23 September 2020
The challenge of predicting life’s paths
Published online 3 April 2020
A mass collaboration of international researchers demonstrates the pitfalls of using machine learning to predict the lives that individuals may lead.
The ability to predict an individual’s life course from an early age and thus identify families who may need support is an appealing concept for social scientists and policymakers. However, a large-scale study has suggested there will always be practical limits to how accurately life trajectories can be predicted.
To explore the viability of models used to predict life trajectories, Matthew Salganik and Sara McLanahan at Princeton University, USA and co-workers used a research design known as the common task method. They gave 160 international research teams the same task: to develop and run models for predicting what will happen to a large group of young people and their families by the time they turn 15, such as school performance or parental unemployment.
The teams were given the actual outcomes of half the group to train their models and had to predict the outcomes for the other half. All data came from the longitudinal Fragile Families and Wellbeing Study, which followed children from 4,242 American families throughout their first 15 years.
The results, which included outputs from models built by researchers in Saudi Arabia and the UAE, suggest that even the most sophisticated models cannot replicate the wide variability in such a rich and complex dataset.

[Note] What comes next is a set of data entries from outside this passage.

(* For integers $n\ge1$, $\alpha\ge0$ and real (or complex) $a\ne b$, define $$Q_n(a,b,\alpha)=\int_{[0,\infty)^n}\prod_{i=1}^n(a-y_i)(b-y_i)^{\alpha}e^{-y_i}\,\Delta_n^2(\mathbf{y})\,dy_1\cdots dy_n.$$ Then $$Q_n(a,b,\alpha)=\frac{\overline{\mathcal{K}}_{n,\alpha}}{(b-a)^{\alpha}}\det\Big[L^{(0)}_{n+i-1}(a)\;\;\;L^{(j-2)}_{n+i+1-j}(b)\Big]_{\substack{i=1,\dots,\alpha+1\\ j=2,\dots,\alpha+1}},\qquad \overline{\mathcal{K}}_{n,\alpha}=(-1)^{n+\alpha(n+\alpha)}\frac{\prod_{i=1}^{\alpha+1}(n+i-1)!\,\prod_{i=0}^{n-1}i!\,(i+1)!}{\prod_{i=1}^{\alpha-1}i!}.$$
   Context: $\Delta_n(\mathbf{y})=\prod_{1\le i<k\le n}(y_k-y_i)$. $L^{(\rho)}_M(z)=\frac{(\rho+1)_M}{M!}\sum_{j=0}^M\frac{(-M)_j}{(\rho+1)_j}\frac{z^j}{j!}$ is the generalized Laguerre polynomial, $(a)_k$ the Pochhammer symbol. Empty products equal $1$. $\det[A_i\;\;B_{i,j}]_{i=1,\dots,\alpha+1;\,j=2,\dots,\alpha+1}$ denotes the determinant of the $(\alpha+1)\times(\alpha+1)$ matrix with first column $(A_i)$ and $j$-th column $(B_{i,j})$ for $j=2,\dots,\alpha+1$. *)

theory Defs
  imports "HOL-Probability.Probability" "Jordan_Normal_Form.Determinant"
begin

definition vdm :: "nat \<Rightarrow> (nat \<Rightarrow> real) \<Rightarrow> real" where
  "vdm n y = (\<Prod>k<n. \<Prod>i<k. (y k - y i))"
(* Let $f:\mathbb F_2^5\to\mathbb F_2$ be $f(x_1,\dots,x_5)=x_1\oplus x_5\oplus x_3(x_2\oplus x_4\oplus x_5)$. Let $r,m$ be even, $n=r+m$, let $a,h_1,h_2:\mathbb F_2^r\to\mathbb F_2$ and $g_1,g_2:\mathbb F_2^m\to\mathbb F_2$, and define $\mathfrak f(x,y)=f(a(x),h_1(x),h_2(x),g_1(y),g_2(y))$ for $(x,y)\in\mathbb F_2^r\times\mathbb F_2^m$. (i) If the four functions $a\oplus c_1h_1\oplus c_2h_2$, $(c_1,c_2)\in\mathbb F_2^2$, are all bent and $g_1,g_2$ are bent, then $W_{\mathfrak f}(u,v)\in\{0,\pm2^{n/2},\pm2^{(n+2)/2}\}$ for all $(u,v)$. (ii) Let $r\ge6$. If $a$ is $4$-plateaued, $a\oplus c_1h_1\oplus c_2h_2$ is $2$-plateaued for every $(c_1,c_2)\ne(0,0)$, the four functions $a\oplus c_1h_1\oplus c_2h_2$, $(c_1,c_2)\in\mathbb F_2^2$, have pairwise disjoint Walsh supports, and $g_1,g_2$ are bent, then $W_{\mathfrak f}(u,v)\in\{0,\pm2^{n/2},\pm2^{(n+2)/2}\}$ for all $(u,v)$.
   Context: $W_h(\omega)=\sum_x(-1)^{h(x)\oplus\omega\cdot x}$, Walsh support $S_h=\{\omega:W_h(\omega)\ne0\}$. For even $m$, $g$ is bent if $|W_g(\omega)|=2^{m/2}$ for all $\omega$. A function $h$ on $\mathbb F_2^r$ is $s$-plateaued if $W_h(\omega)\in\{0,\pm2^{(r+s)/2}\}$ for all $\omega$. *)

theory Defs
  imports Main
begin

text \<open>Vectors of F_2^r are boolean lists of length r; XOR is (\<noteq>) on bool.\<close>

definition vecs :: "nat \<Rightarrow> bool list set" where
  "vecs r = {xs. length xs = r}"

definition dotp :: "bool list \<Rightarrow> bool list \<Rightarrow> bool" where
  "dotp w x = odd (length (filter id (map2 (\<and>) w x)))"

definition walsh :: "nat \<Rightarrow> (bool list \<Rightarrow> bool) \<Rightarrow> bool list \<Rightarrow> int" where
  "walsh r h w = (\<Sum>x\<in>vecs r. (if h x \<noteq> dotp w x then -1 else 1))"

definition walsh_support :: "nat \<Rightarrow> (bool list \<Rightarrow> bool) \<Rightarrow> bool list set" where
  "walsh_support r h = {w \<in> vecs r. walsh r h w \<noteq> 0}"

definition bent :: "nat \<Rightarrow> (bool list \<Rightarrow> bool) \<Rightarrow> bool" where
  "bent m g = (\<forall>w\<in>vecs m. \<bar>walsh m g w\<bar> = 2 ^ (m div 2))"

definition plateaued :: "nat \<Rightarrow> nat \<Rightarrow> (bool list \<Rightarrow> bool) \<Rightarrow> bool" where
  "plateaued r s h = (\<forall>w\<in>vecs r. walsh r h w \<in> {0, 2 ^ ((r + s) div 2), - (2 ^ ((r + s) div 2))})"

definition f5 :: "bool \<Rightarrow> bool \<Rightarrow> bool \<Rightarrow> bool \<Rightarrow> bool \<Rightarrow> bool" where
  "f5 x1 x2 x3 x4 x5 = ((x1 \<noteq> x5) \<noteq> (x3 \<and> ((x2 \<noteq> x4) \<noteq> x5)))"

definition lincomb :: "(bool list \<Rightarrow> bool) \<Rightarrow> (bool list \<Rightarrow> bool) \<Rightarrow> (bool list \<Rightarrow> bool)
    \<Rightarrow> bool \<Rightarrow> bool \<Rightarrow> bool list \<Rightarrow> bool" where
  "lincomb a h1 h2 c1 c2 x = ((a x \<noteq> (c1 \<and> h1 x)) \<noteq> (c2 \<and> h2 x))"

text \<open>The function on F_2^r x F_2^m, identified with F_2^(r+m) by concatenation (x,y) = x @ y.\<close>
definition frakf :: "nat \<Rightarrow> (bool list \<Rightarrow> bool) \<Rightarrow> (bool list \<Rightarrow> bool) \<Rightarrow> (bool list \<Rightarrow> bool)
    \<Rightarrow> (bool list \<Rightarrow> bool) \<Rightarrow> (bool list \<Rightarrow> bool) \<Rightarrow> bool list \<Rightarrow> bool" where
  "frakf r a h1 h2 g1 g2 z =
     f5 (a (take r z)) (h1 (take r z)) (h2 (take r z)) (g1 (drop r z)) (g2 (drop r z))"

definition three_valued :: "nat \<Rightarrow> int \<Rightarrow> bool" where
  "three_valued n v = (v \<in> {0, 2 ^ (n div 2), - (2 ^ (n div 2)),
                              2 ^ ((n + 2) div 2), - (2 ^ ((n + 2) div 2))})"

end

theory Submission
  imports Defs
begin

text \<open>Write chi(b) = (-1)^b. The function f depends on x3 only through a choice between
  x1 + x5 and x1 + x2 + x4, whence
  2 chi(f) = chi(x1+x5) + chi(x1+x3+x5) + chi(x1+x2+x4) - chi(x1+x2+x3+x4).
  Substituting a, h1, h2, g1, g2 and summing over F_2^r x F_2^m gives
  2 W(u,v) = (W_a(u) + W_{a+h2}(u)) W_{g2}(v) + (W_{a+h1}(u) - W_{a+h1+h2}(u)) W_{g1}(v).
  With R = 2^(r/2) and M = 2^(m/2) the bent factors are +-M. In case (i) both brackets lie in
  {0, +-2R}; in case (ii) disjointness of the Walsh supports leaves at most one nonzero value
  among the four, of size 4R or 2R. Either way W(u,v) lies in {0, +-RM, +-2RM}.\<close>

definition bool_sign :: "bool \<Rightarrow> int" where
  "bool_sign b = (if b then -1 else 1)"

lemma walsh_eq_sum_bool_sign: "walsh r h w = (\<Sum>x\<in>vecs r. bool_sign (h x \<noteq> dotp w x))"
  by (simp add: walsh_def bool_sign_def)

lemma lincomb_False_False [simp]: "lincomb a h1 h2 False False = a"
  by (simp add: lincomb_def fun_eq_iff)

lemma bool_sign_f5_expansion:
  "2 * bool_sign (f5 p1 p2 p3 p4 p5 \<noteq> (d1 \<noteq> d2)) =
     bool_sign (p1 \<noteq> d1) * bool_sign (p5 \<noteq> d2)
   + bool_sign ((p1 \<noteq> p3) \<noteq> d1) * bool_sign (p5 \<noteq> d2)
   + bool_sign ((p1 \<noteq> p2) \<noteq> d1) * bool_sign (p4 \<noteq> d2)
   - bool_sign (((p1 \<noteq> p2) \<noteq> p3) \<noteq> d1) * bool_sign (p4 \<noteq> d2)"
  by (cases p1; cases p2; cases p3; cases p4; cases p5; cases d1; cases d2)
     (simp_all add: f5_def bool_sign_def)

lemma bij_betw_append_vecs: "bij_betw (\<lambda>(x, y). x @ y) (vecs r \<times> vecs m) (vecs (r + m))"
  by (rule bij_betw_byWitness[where f' = "\<lambda>z. (take r z, drop r z)"]) (auto simp: vecs_def)

lemma sum_vecs_add: "(\<Sum>z\<in>vecs (r + m). F z) = (\<Sum>x\<in>vecs r. \<Sum>y\<in>vecs m. F (x @ y))"
proof -
  have "(\<Sum>z\<in>vecs (r + m). F z) = (\<Sum>p\<in>vecs r \<times> vecs m. F ((\<lambda>(x, y). x @ y) p))"
    by (rule sum.reindex_bij_betw[OF bij_betw_append_vecs, symmetric])
  also have "\<dots> = (\<Sum>x\<in>vecs r. \<Sum>y\<in>vecs m. F (x @ y))"
    by (simp add: sum.cartesian_product split_def)
  finally show ?thesis .
qed

lemma dotp_append: "length u = length x \<Longrightarrow> dotp (u @ v) (x @ y) = (dotp u x \<noteq> dotp v y)"
  by (simp add: dotp_def zip_append)

lemma walsh_frakf_decomposition:
  assumes u: "u \<in> vecs r"
  shows "2 * walsh (r + m) (frakf r a h1 h2 g1 g2) (u @ v) =
       (walsh r a u + walsh r (lincomb a h1 h2 False True) u) * walsh m g2 v
     + (walsh r (lincomb a h1 h2 True False) u - walsh r (lincomb a h1 h2 True True) u) * walsh m g1 v"
    (is "_ = ?rhs")
proof -
  let ?\<chi> = bool_sign
  have pointwise: "2 * ?\<chi> (frakf r a h1 h2 g1 g2 (x @ y) \<noteq> dotp (u @ v) (x @ y)) =
      ?\<chi> (a x \<noteq> dotp u x) * ?\<chi> (g2 y \<noteq> dotp v y)
    + ?\<chi> ((a x \<noteq> h2 x) \<noteq> dotp u x) * ?\<chi> (g2 y \<noteq> dotp v y)
    + ?\<chi> ((a x \<noteq> h1 x) \<noteq> dotp u x) * ?\<chi> (g1 y \<noteq> dotp v y)
    - ?\<chi> (((a x \<noteq> h1 x) \<noteq> h2 x) \<noteq> dotp u x) * ?\<chi> (g1 y \<noteq> dotp v y)"
    if "x \<in> vecs r" for x y
  proof -
    have split: "take r (x @ y) = x" "drop r (x @ y) = y"
      using that by (auto simp: vecs_def)
    have "dotp (u @ v) (x @ y) = (dotp u x \<noteq> dotp v y)"
      using that u by (simp add: vecs_def dotp_append)
    then show ?thesis
      unfolding frakf_def split by (simp only: bool_sign_f5_expansion)
  qed
  have "2 * walsh (r + m) (frakf r a h1 h2 g1 g2) (u @ v) =
      (\<Sum>x\<in>vecs r. \<Sum>y\<in>vecs m. 2 * ?\<chi> (frakf r a h1 h2 g1 g2 (x @ y) \<noteq> dotp (u @ v) (x @ y)))"
    by (simp add: walsh_eq_sum_bool_sign sum_vecs_add sum_distrib_left)
  also have "\<dots> = (\<Sum>x\<in>vecs r. \<Sum>y\<in>vecs m.
      ?\<chi> (a x \<noteq> dotp u x) * ?\<chi> (g2 y \<noteq> dotp v y)
    + ?\<chi> ((a x \<noteq> h2 x) \<noteq> dotp u x) * ?\<chi> (g2 y \<noteq> dotp v y)
    + ?\<chi> ((a x \<noteq> h1 x) \<noteq> dotp u x) * ?\<chi> (g1 y \<noteq> dotp v y)
    - ?\<chi> (((a x \<noteq> h1 x) \<noteq> h2 x) \<noteq> dotp u x) * ?\<chi> (g1 y \<noteq> dotp v y))"
    by (intro sum.cong refl pointwise)
  also have "\<dots> = walsh r a u * walsh m g2 v + walsh r (lincomb a h1 h2 False True) u * walsh m g2 v
    + walsh r (lincomb a h1 h2 True False) u * walsh m g1 v
    - walsh r (lincomb a h1 h2 True True) u * walsh m g1 v"
    by (simp add: sum.distrib sum_subtractf sum_product walsh_eq_sum_bool_sign lincomb_def)
  also have "\<dots> = ?rhs"
    by (simp add: algebra_simps)
  finally show ?thesis .
qed

lemma bent_walsh_values:
  assumes "bent m g" "w \<in> vecs m"
  shows "walsh m g w \<in> {2 ^ (m div 2), - (2 ^ (m div 2))}"
proof -
  have "\<bar>walsh m g w\<bar> = 2 ^ (m div 2)"
    using assms unfolding bent_def by blast
  then show ?thesis by (auto simp: abs_if split: if_splits)
qed

lemma plateaued_walsh_values:
  assumes "plateaued r s h" "w \<in> vecs r" "even s"
  shows "walsh r h w \<in> {0, 2 ^ (s div 2) * 2 ^ (r div 2), - (2 ^ (s div 2) * 2 ^ (r div 2))}"
proof -
  have "(r + s) div 2 = s div 2 + r div 2"
    using \<open>even s\<close> by auto
  then show ?thesis
    using assms(1,2) unfolding plateaued_def by (simp add: power_add)
qed

lemma walsh_zero_if_supports_disjoint:
  assumes "walsh_support r h \<inter> walsh_support r k = {}" "w \<in> vecs r"
  shows "walsh r h w = 0 \<or> walsh r k w = 0"
  using assms unfolding walsh_support_def by blast

lemma three_valued_add:
  assumes "even r" "W \<in> {0, R * M, - (R * M), 2 * (R * M), - (2 * (R * M))}"
    and "R = 2 ^ (r div 2)" "M = 2 ^ (m div 2)"
  shows "three_valued (r + m) W"
proof -
  have "(r + m) div 2 = r div 2 + m div 2" "(r + m + 2) div 2 = Suc (r div 2 + m div 2)"
    using \<open>even r\<close> by auto
  then show ?thesis
    using assms(2-) unfolding three_valued_def by (simp add: power_add)
qed

lemma half_sum_products_values:
  fixes A B P Q R M W :: int
  assumes "A \<in> {0, 2 * R, - (2 * R)}" "B \<in> {0, 2 * R, - (2 * R)}"
    and "P \<in> {M, - M}" "Q \<in> {M, - M}" "2 * W = A * Q + B * P"
  shows "W \<in> {0, R * M, - (R * M), 2 * (R * M), - (2 * (R * M))}"
  using assms by (auto simp: algebra_simps)

lemma half_sum_products_values_disjoint:
  fixes A B P Q R M W :: int
  assumes "A \<in> {0, 2 * R, - (2 * R), 4 * R, - (4 * R)}" "B \<in> {0, 2 * R, - (2 * R), 4 * R, - (4 * R)}"
    and "A = 0 \<or> B = 0" "P \<in> {M, - M}" "Q \<in> {M, - M}" "2 * W = A * Q + B * P"
  shows "W \<in> {0, R * M, - (R * M), 2 * (R * M), - (2 * (R * M))}"
  using assms by (auto simp: algebra_simps)

lemma walsh_frakf_three_valued_bent:
  assumes "even r" "\<And>c1 c2. bent r (lincomb a h1 h2 c1 c2)" "bent m g1" "bent m g2"
    and u: "u \<in> vecs r" and v: "v \<in> vecs m"
  shows "three_valued (r + m) (walsh (r + m) (frakf r a h1 h2 g1 g2) (u @ v))"
proof -
  define R :: int where "R = 2 ^ (r div 2)"
  define M :: int where "M = 2 ^ (m div 2)"
  have L: "walsh r (lincomb a h1 h2 c1 c2) u \<in> {R, - R}" for c1 c2
    unfolding R_def using bent_walsh_values[OF assms(2) u] .
  have "walsh r a u + walsh r (lincomb a h1 h2 False True) u \<in> {0, 2 * R, - (2 * R)}"
    using L[of False False] L[of False True] by auto
  moreover have "walsh r (lincomb a h1 h2 True False) u - walsh r (lincomb a h1 h2 True True) u
      \<in> {0, 2 * R, - (2 * R)}"
    using L[of True False] L[of True True] by auto
  moreover have "walsh m g1 v \<in> {M, - M}" "walsh m g2 v \<in> {M, - M}"
    unfolding M_def using bent_walsh_values v assms(3,4) by blast+
  ultimately show ?thesis
    using \<open>even r\<close> R_def M_def
    by (intro three_valued_add half_sum_products_values[OF _ _ _ _ walsh_frakf_decomposition[OF u]])
qed

lemma walsh_frakf_three_valued_plateaued:
  assumes "even r" "plateaued r 4 a"
    and "\<And>c1 c2. (c1, c2) \<noteq> (False, False) \<Longrightarrow> plateaued r 2 (lincomb a h1 h2 c1 c2)"
    and disjoint: "\<And>c1 c2 d1 d2. (c1, c2) \<noteq> (d1, d2) \<Longrightarrow>
       walsh_support r (lincomb a h1 h2 c1 c2) \<inter> walsh_support r (lincomb a h1 h2 d1 d2) = {}"
    and "bent m g1" "bent m g2" and u: "u \<in> vecs r" and v: "v \<in> vecs m"
  shows "three_valued (r + m) (walsh (r + m) (frakf r a h1 h2 g1 g2) (u @ v))"
proof -
  define R :: int where "R = 2 ^ (r div 2)"
  define M :: int where "M = 2 ^ (m div 2)"
  let ?W = "\<lambda>c1 c2. walsh r (lincomb a h1 h2 c1 c2) u"
  have W00: "?W False False \<in> {0, 4 * R, - (4 * R)}"
    using plateaued_walsh_values[OF assms(2) u] by (simp add: R_def)
  have W2: "?W c1 c2 \<in> {0, 2 * R, - (2 * R)}" if "(c1, c2) \<noteq> (False, False)" for c1 c2
    using plateaued_walsh_values[OF assms(3)[OF that] u] by (simp add: R_def)
  have zero: "?W c1 c2 = 0 \<or> ?W d1 d2 = 0" if "(c1, c2) \<noteq> (d1, d2)" for c1 c2 d1 d2
    using walsh_zero_if_supports_disjoint[OF disjoint[OF that] u] .
  have "walsh r a u + ?W False True \<in> {0, 2 * R, - (2 * R), 4 * R, - (4 * R)}"
    using W00 W2[of False True] zero[of False False False True] by auto
  moreover have "?W True False - ?W True True \<in> {0, 2 * R, - (2 * R), 4 * R, - (4 * R)}"
    using W2[of True False] W2[of True True] zero[of True False True True] by auto
  moreover have "walsh r a u + ?W False True = 0 \<or> ?W True False - ?W True True = 0"
    using zero[of False False True False] zero[of False False True True]
      zero[of False True True False] zero[of False True True True] by auto
  moreover have "walsh m g1 v \<in> {M, - M}" "walsh m g2 v \<in> {M, - M}"
    unfolding M_def using bent_walsh_values v assms(5,6) by blast+
  ultimately show ?thesis
    using \<open>even r\<close> R_def M_def
    by (intro three_valued_add
        half_sum_products_values_disjoint[OF _ _ _ _ _ walsh_frakf_decomposition[OF u]])
qed

theorem mainTheorem9:
  fixes r m n :: nat and a h1 h2 g1 g2 :: "bool list \<Rightarrow> bool"
  assumes "even r" and "even m" and "n = r + m"
  shows "((\<forall>c1 c2. bent r (lincomb a h1 h2 c1 c2)) \<and> bent m g1 \<and> bent m g2
            \<longrightarrow> (\<forall>u\<in>vecs r. \<forall>v\<in>vecs m.
                  three_valued n (walsh n (frakf r a h1 h2 g1 g2) (u @ v))))
       \<and> (r \<ge> 6 \<and> plateaued r 4 a
            \<and> (\<forall>c1 c2. (c1, c2) \<noteq> (False, False) \<longrightarrow> plateaued r 2 (lincomb a h1 h2 c1 c2))
            \<and> (\<forall>c1 c2 d1 d2. (c1, c2) \<noteq> (d1, d2) \<longrightarrow>
                 walsh_support r (lincomb a h1 h2 c1 c2) \<inter> walsh_support r (lincomb a h1 h2 d1 d2) = {})
            \<and> bent m g1 \<and> bent m g2
            \<longrightarrow> (\<forall>u\<in>vecs r. \<forall>v\<in>vecs m.
                  three_valued n (walsh n (frakf r a h1 h2 g1 g2) (u @ v))))"
  unfolding \<open>n = r + m\<close>
  by (intro conjI impI ballI; elim conjE)
    ((rule walsh_frakf_three_valued_bent[OF \<open>even r\<close>]; metis),
     (rule walsh_frakf_three_valued_plateaued[OF \<open>even r\<close>]; metis))

end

“Even with these data and complex machine learning, researchers were unable to make accurate predictions of life outcomes,” says Salganik. “In practice, policymakers should not assume that complex models will automatically produce accurate predictions about an individual’s future.”
Salganik hopes that the study will inspire other mass collaborations using longitudinal survey data in social science.
Salganik, M.J. et al. Measuring the predictability of life outcomes with a scientific mass collaboration. PNAS http://dx.doi.org/10.1073/pnas.1915006117 (2020).